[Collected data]

= Beginning of Section =

(* Consider the Axelrod model with $F$ features and $q$ states on the path with vertex set $\{0,1,\dots,N\}$ (so $N$ edges), started with all initial features i.i.d. uniform on $\{1,\dots,q\}$, and the coupled urn process $(B_0(t),\dots,B_F(t))$ defined below. Then almost surely, for all $t\ge0$, $$B_0(t)\le w_0(t).$$
   Context: For an edge $e=\{x,y\}$, $\bar X_t(e)=\sum_{i=1}^F\mathbf 1\{X_t^i(x)=X_t^i(y)\}$, $w_j(t)=\#\{e:\bar X_t(e)=j\}$, and the total number of agreements is $W(t)=\sum_{j=0}^F j\,w_j(t)$. Axelrod dynamics: for each ordered pair $(x,y)$ of adjacent vertices with $X(x)\ne X(y)$, at rate $F(x,y)/2$ (with $F(x,y)=\bar X(\{x,y\})/F$) vertex $x$ copies from $y$ one feature chosen uniformly among those on which they differ; each such update changes $W$ by $0$, $1$ or $2$. Urn process: there are $F+1$ boxes labelled $0,\dots,F$ with $B_j(0)=w_j(0)$ balls in box $j$. At each time $t$ at which the Axelrod model is updated: if $W(t)-W(t-)\le1$, nothing is done; if $W(t)-W(t-)=2$, a box $j$ is chosen uniformly at random among the nonempty boxes with $1\le j\le F-1$ (if there is one) and one ball is moved from box $j$ to box $j+1$; in case a ball has been so moved, additionally one ball is moved from box $0$ to box $1$ if box $0$ is nonempty. The urn stops when the Axelrod model reaches an absorbing state. *)

theory Defs
  imports Main
begin

text \<open>Axelrod model on the path with vertices 0..N (edges {v, v+1}, v < N).
  A configuration is X :: nat => nat => nat, X v i = value of feature i (i < F)
  at vertex v.  Urn state is B :: nat => nat, B j = number of balls in box j (j \<le> F).\<close>

definition agr :: "nat \<Rightarrow> (nat \<Rightarrow> nat \<Rightarrow> nat) \<Rightarrow> nat \<Rightarrow> nat \<Rightarrow> nat" where
  "agr F X x y = card {i. i < F \<and> X x i = X y i}"

definition wcount :: "nat \<Rightarrow> nat \<Rightarrow> (nat \<Rightarrow> nat \<Rightarrow> nat) \<Rightarrow> nat \<Rightarrow> nat" where
  "wcount F N X j = card {v. v < N \<and> agr F X v (Suc v) = j}"

definition Wtot :: "nat \<Rightarrow> nat \<Rightarrow> (nat \<Rightarrow> nat \<Rightarrow> nat) \<Rightarrow> nat" where
  "Wtot F N X = (\<Sum>j\<le>F. j * wcount F N X j)"

definition adjacent :: "nat \<Rightarrow> nat \<Rightarrow> nat \<Rightarrow> bool" where
  "adjacent N x y \<longleftrightarrow> x \<le> N \<and> y \<le> N \<and> (y = Suc x \<or> x = Suc y)"

text \<open>One Axelrod update with positive rate: adjacent x, y with at least one
  agreement (rate F(x,y)/2 > 0) and a feature i on which they differ;
  x copies feature i from y.\<close>
definition axelrod_step :: "nat \<Rightarrow> nat \<Rightarrow> (nat \<Rightarrow> nat \<Rightarrow> nat) \<Rightarrow> (nat \<Rightarrow> nat \<Rightarrow> nat) \<Rightarrow> bool" where
  "axelrod_step F N X X' \<longleftrightarrow>
     (\<exists>x y i. adjacent N x y \<and> agr F X x y > 0 \<and> i < F \<and> X x i \<noteq> X y i \<and>
              X' = X(x := (X x)(i := X y i)))"

text \<open>One urn move corresponding to an Axelrod update whose change of W is dW.\<close>
definition urn_step :: "nat \<Rightarrow> int \<Rightarrow> (nat \<Rightarrow> nat) \<Rightarrow> (nat \<Rightarrow> nat) \<Rightarrow> bool" where
  "urn_step F dW B B' \<longleftrightarrow>
     (if dW \<le> 1 then B' = B
      else if \<not> (\<exists>j. 1 \<le> j \<and> j \<le> F - 1 \<and> B j > 0) then B' = B
      else (\<exists>j. 1 \<le> j \<and> j \<le> F - 1 \<and> B j > 0 \<and>
              (let B1 = B(j := B j - 1, Suc j := B (Suc j) + 1) in
                 B' = (if B1 0 > 0 then B1(0 := B1 0 - 1, 1 := B1 1 + 1) else B1))))"

end

theory Submission
  imports Defs
begin

(* The claim holds deterministically for every trajectory, by induction on the number
   of updates, for the stronger invariant
       B_0 <= w_0,    sum_j B_j = N,    sum_j j * B_j <= W.
   Facts about one update of the Axelrod model: the copied feature raises the agreement
   of the updated edge e0 by one (and that edge had between 1 and F-1 agreements), it
   changes the agreement of at most one other edge by at most one, and leaves all other
   edges alone.  A general lemma on such local perturbations of a profile shows that W
   never decreases and that w_0 can only drop, by one, when W rises by two.  The mixed
   edge e0 moreover gives W < F (N - w_0); together with the invariant this forces a ball
   in one of the boxes 1..F-1, so a W-increment of two really moves balls in the urn,
   taking one ball out of box 0 when box 0 is nonempty. *)

abbreviation edge_agr :: "nat \<Rightarrow> (nat \<Rightarrow> nat \<Rightarrow> nat) \<Rightarrow> nat \<Rightarrow> nat" where
  "edge_agr F X v \<equiv> agr F X v (Suc v)"

lemma agr_le: "agr F X u w \<le> F"
  unfolding agr_def by (rule order_trans[OF card_mono[of "{..<F}"]]) auto

lemma agr_less:
  assumes "i < F" "X u i \<noteq> X w i"
  shows "agr F X u w < F"
proof -
  have "{k. k < F \<and> X u k = X w k} \<subset> {..<F}" using assms by auto
  then show ?thesis unfolding agr_def by (metis card_lessThan finite_lessThan psubset_card_mono)
qed

lemma agr_sym: "agr F X u w = agr F X w u"
  unfolding agr_def by metis

lemma agr_update_other:
  assumes "u \<noteq> x" "w \<noteq> x"
  shows "agr F (X(x := g)) u w = agr F X u w"
  using assms unfolding agr_def by simp

lemma card_differ_in_one:
  assumes "S' - {i} = S - {i}" "finite S" "finite S'"
  shows "card S' \<le> Suc (card S)"
proof -
  have "card S' \<le> Suc (card (S' - {i}))"
    using assms(3) by (metis card_Diff_singleton_if card.remove le_SucI order_refl)
  also have "card (S' - {i}) \<le> card S" using assms by (metis card_Diff1_le)
  finally show ?thesis by simp
qed

lemma agr_update_close:
  fixes X :: "nat \<Rightarrow> nat \<Rightarrow> nat" and x i c :: nat
  defines "X' \<equiv> X(x := (X x)(i := c))"
  shows "agr F X' u w \<le> Suc (agr F X u w)" and "agr F X u w \<le> Suc (agr F X' u w)"
proof -
  have same: "{k. k < F \<and> X' u k = X' w k} - {i} = {k. k < F \<and> X u k = X w k} - {i}"
    unfolding X'_def by auto
  show "agr F X' u w \<le> Suc (agr F X u w)"
    unfolding agr_def by (rule card_differ_in_one[OF same]) simp_all
  show "agr F X u w \<le> Suc (agr F X' u w)"
    unfolding agr_def by (rule card_differ_in_one[OF same[symmetric]]) simp_all
qed

lemma agr_copy:
  fixes X :: "nat \<Rightarrow> nat \<Rightarrow> nat"
  assumes "x \<noteq> y" "i < F" "X x i \<noteq> X y i"
  shows "agr F (X(x := (X x)(i := X y i))) x y = Suc (agr F X x y)"
proof -
  have "{k. k < F \<and> (X(x := (X x)(i := X y i))) x k = (X(x := (X x)(i := X y i))) y k}
        = insert i {k. k < F \<and> X x k = X y k}"
    using assms by auto
  then show ?thesis unfolding agr_def using assms by simp
qed

lemma sum_by_value:
  fixes g :: "'a \<Rightarrow> nat" and h :: "nat \<Rightarrow> nat"
  assumes "finite A" "\<forall>v\<in>A. g v \<le> F"
  shows "(\<Sum>v\<in>A. h (g v)) = (\<Sum>j\<le>F. h j * card {v\<in>A. g v = j})"
proof -
  have "(\<Sum>v\<in>A. h (g v)) = (\<Sum>j\<in>g ` A. \<Sum>v\<in>{v\<in>A. g v = j}. h (g v))"
    by (rule sum.image_gen[OF assms(1)])
  also have "\<dots> = (\<Sum>j\<in>g ` A. h j * card {v\<in>A. g v = j})"
    by (intro sum.cong) auto
  also have "\<dots> = (\<Sum>j\<le>F. h j * card {v\<in>A. g v = j})"
    by (rule sum.mono_neutral_left) (use assms in auto)
  finally show ?thesis .
qed

lemma Wtot_edge_sum: "Wtot F N X = (\<Sum>v<N. edge_agr F X v)"
  using sum_by_value[of "{..<N}" "edge_agr F X" F "\<lambda>j. j"]
  by (simp add: Wtot_def wcount_def agr_le)

lemma wcount_total: "(\<Sum>j\<le>F. wcount F N X j) = N"
  using sum_by_value[of "{..<N}" "edge_agr F X" F "\<lambda>_. 1"]
  by (simp add: wcount_def agr_le)

(* If some edge has between 1 and F-1 agreements, then W < F (N - w_0): every
   edge with an agreement contributes at most F, and the mixed one less. *)
lemma Wtot_less_if_mixed_edge:
  assumes "e < N" "0 < edge_agr F X e" "edge_agr F X e < F"
  shows "Wtot F N X < F * (N - wcount F N X 0)"
proof -
  define P where "P = {v. v < N \<and> edge_agr F X v \<noteq> 0}"
  have "Wtot F N X = (\<Sum>v\<in>P. edge_agr F X v)"
    unfolding Wtot_edge_sum P_def by (rule sum.mono_neutral_right) auto
  also have "\<dots> < (\<Sum>v\<in>P. F)"
    by (rule sum_strict_mono_ex1) (use assms agr_le in \<open>auto simp: P_def\<close>)
  also have "\<dots> = F * card P" by simp
  also have "card P = N - wcount F N X 0"
  proof -
    have "{..<N} = P \<union> {v. v < N \<and> edge_agr F X v = 0}" unfolding P_def by auto
    then have "card {..<N} = card P + wcount F N X 0"
      unfolding wcount_def by (simp add: card_Un_disjoint P_def disjoint_iff)
    then show ?thesis by simp
  qed
  finally show ?thesis .
qed

lemma local_perturbation:
  fixes a a' :: "'a \<Rightarrow> nat"
  assumes A: "finite A" "e0 \<in> A" and e1: "e1 \<noteq> e0"
    and up: "0 < a e0" "a' e0 = Suc (a e0)"
    and close: "a' e1 \<le> Suc (a e1)" "a e1 \<le> Suc (a' e1)"
    and rest: "\<forall>v. v \<noteq> e0 \<longrightarrow> v \<noteq> e1 \<longrightarrow> a' v = a v"
  shows "sum a A \<le> sum a' A"
    and "card {v\<in>A. a v = 0} \<le> card {v\<in>A. a' v = 0} + 1"
    and "card {v\<in>A. a' v = 0} < card {v\<in>A. a v = 0} \<Longrightarrow> sum a' A = sum a A + 2"
proof -
  have diff: "int (sum a' A) - int (sum a A) = 1 + (if e1 \<in> A then int (a' e1) - int (a e1) else 0)"
  proof -
    have "int (sum a' A) - int (sum a A) = (\<Sum>v\<in>A. int (a' v) - int (a v))"
      by (simp add: sum_subtractf)
    also have "\<dots> = (\<Sum>v\<in>A \<inter> {e0, e1}. int (a' v) - int (a v))"
      by (rule sum.mono_neutral_right) (use A rest in auto)
    also have "\<dots> = 1 + (if e1 \<in> A then int (a' e1) - int (a e1) else 0)"
      using A e1 up by (cases "e1 \<in> A") (auto simp: Int_insert_right)
    finally show ?thesis .
  qed
  let ?Z = "{v\<in>A. a v = 0}" and ?Z' = "{v\<in>A. a' v = 0}"
  have zeros: "?Z \<subseteq> insert e1 ?Z'"
  proof
    fix v assume v: "v \<in> ?Z"
    then have "v \<noteq> e0" using up(1) by auto
    then show "v \<in> insert e1 ?Z'" using v rest by auto
  qed
  have finZ: "finite ?Z'" using A(1) by simp
  show "sum a A \<le> sum a' A" using diff close by (auto split: if_splits simp del: of_nat_sum)
  show "card ?Z \<le> card ?Z' + 1"
  proof -
    have "card ?Z \<le> card (insert e1 ?Z')" using zeros finZ by (intro card_mono) simp_all
    also have "\<dots> \<le> card ?Z' + 1" using finZ by (simp add: card_insert_if)
    finally show ?thesis .
  qed
  show "sum a' A = sum a A + 2" if fewer: "card ?Z' < card ?Z"
  proof -
    have "\<not> ?Z \<subseteq> ?Z'" using fewer card_mono[OF finZ] by (meson not_le)
    then have "e1 \<in> A" "a e1 = 0" "a' e1 = 1" using zeros close by auto
    then show ?thesis using diff by (simp del: of_nat_sum)
  qed
qed

(* One Axelrod update, seen on the edge agreements: the updated edge e0 is mixed and
   gains one agreement; the other edge e1 at the copying vertex moves by at most one
   (when there is no such edge, e1 = N is an index outside the path); all other edges
   are unchanged. *)
lemma axelrod_step_profile:
  assumes "axelrod_step F N X X'"
  obtains e0 e1 where "e0 < N" "0 < edge_agr F X e0" "edge_agr F X e0 < F"
    "e1 \<noteq> e0" "edge_agr F X' e0 = Suc (edge_agr F X e0)"
    "edge_agr F X' e1 \<le> Suc (edge_agr F X e1)" "edge_agr F X e1 \<le> Suc (edge_agr F X' e1)"
    "\<forall>v. v \<noteq> e0 \<longrightarrow> v \<noteq> e1 \<longrightarrow> edge_agr F X' v = edge_agr F X v"
proof -
  obtain x y i where adj: "adjacent N x y" and pos: "0 < agr F X x y" and i: "i < F"
    and d: "X x i \<noteq> X y i" and X': "X' = X(x := (X x)(i := X y i))"
    using assms unfolding axelrod_step_def by blast
  define e0 where "e0 = min x y"
  define e1 where "e1 = (if y = Suc x then (if x = 0 then N else x - 1) else x)"
  have xy: "x \<noteq> y" using adj unfolding adjacent_def by auto
  have edge: "edge_agr F Z e0 = agr F Z x y" for Z
    using adj agr_sym[of F Z y x] unfolding e0_def adjacent_def by (auto simp: min_def)
  show thesis
  proof (rule that)
    show "e0 < N" using adj unfolding adjacent_def e0_def by auto
    show "e1 \<noteq> e0" using adj unfolding e1_def e0_def adjacent_def by auto
    show "0 < edge_agr F X e0" "edge_agr F X e0 < F"
      using pos agr_less[of i F X x y, OF i d] edge by simp_all
    show "edge_agr F X' e0 = Suc (edge_agr F X e0)"
      using agr_copy[of x y i F X, OF xy i d] X' edge by simp
    show "edge_agr F X' e1 \<le> Suc (edge_agr F X e1)" "edge_agr F X e1 \<le> Suc (edge_agr F X' e1)"
      unfolding X' by (rule agr_update_close)+
    show "\<forall>v. v \<noteq> e0 \<longrightarrow> v \<noteq> e1 \<longrightarrow> edge_agr F X' v = edge_agr F X v"
    proof (intro allI impI)
      fix v assume "v \<noteq> e0" "v \<noteq> e1"
      then have "v \<noteq> x" "Suc v \<noteq> x" using adj unfolding e0_def e1_def adjacent_def by auto
      then show "edge_agr F X' v = edge_agr F X v" unfolding X' by (rule agr_update_other)
    qed
  qed
qed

= End of Section =

* What is being asked *
Keep only those lines of the records that hold "fewer", and return them.

* Response to the task *
  show "sum a' A = sum a A + 2" if fewer: "card ?Z' < card ?Z"
    have "\<not> ?Z \<subseteq> ?Z'" using fewer card_mono[OF finZ] by (meson not_le)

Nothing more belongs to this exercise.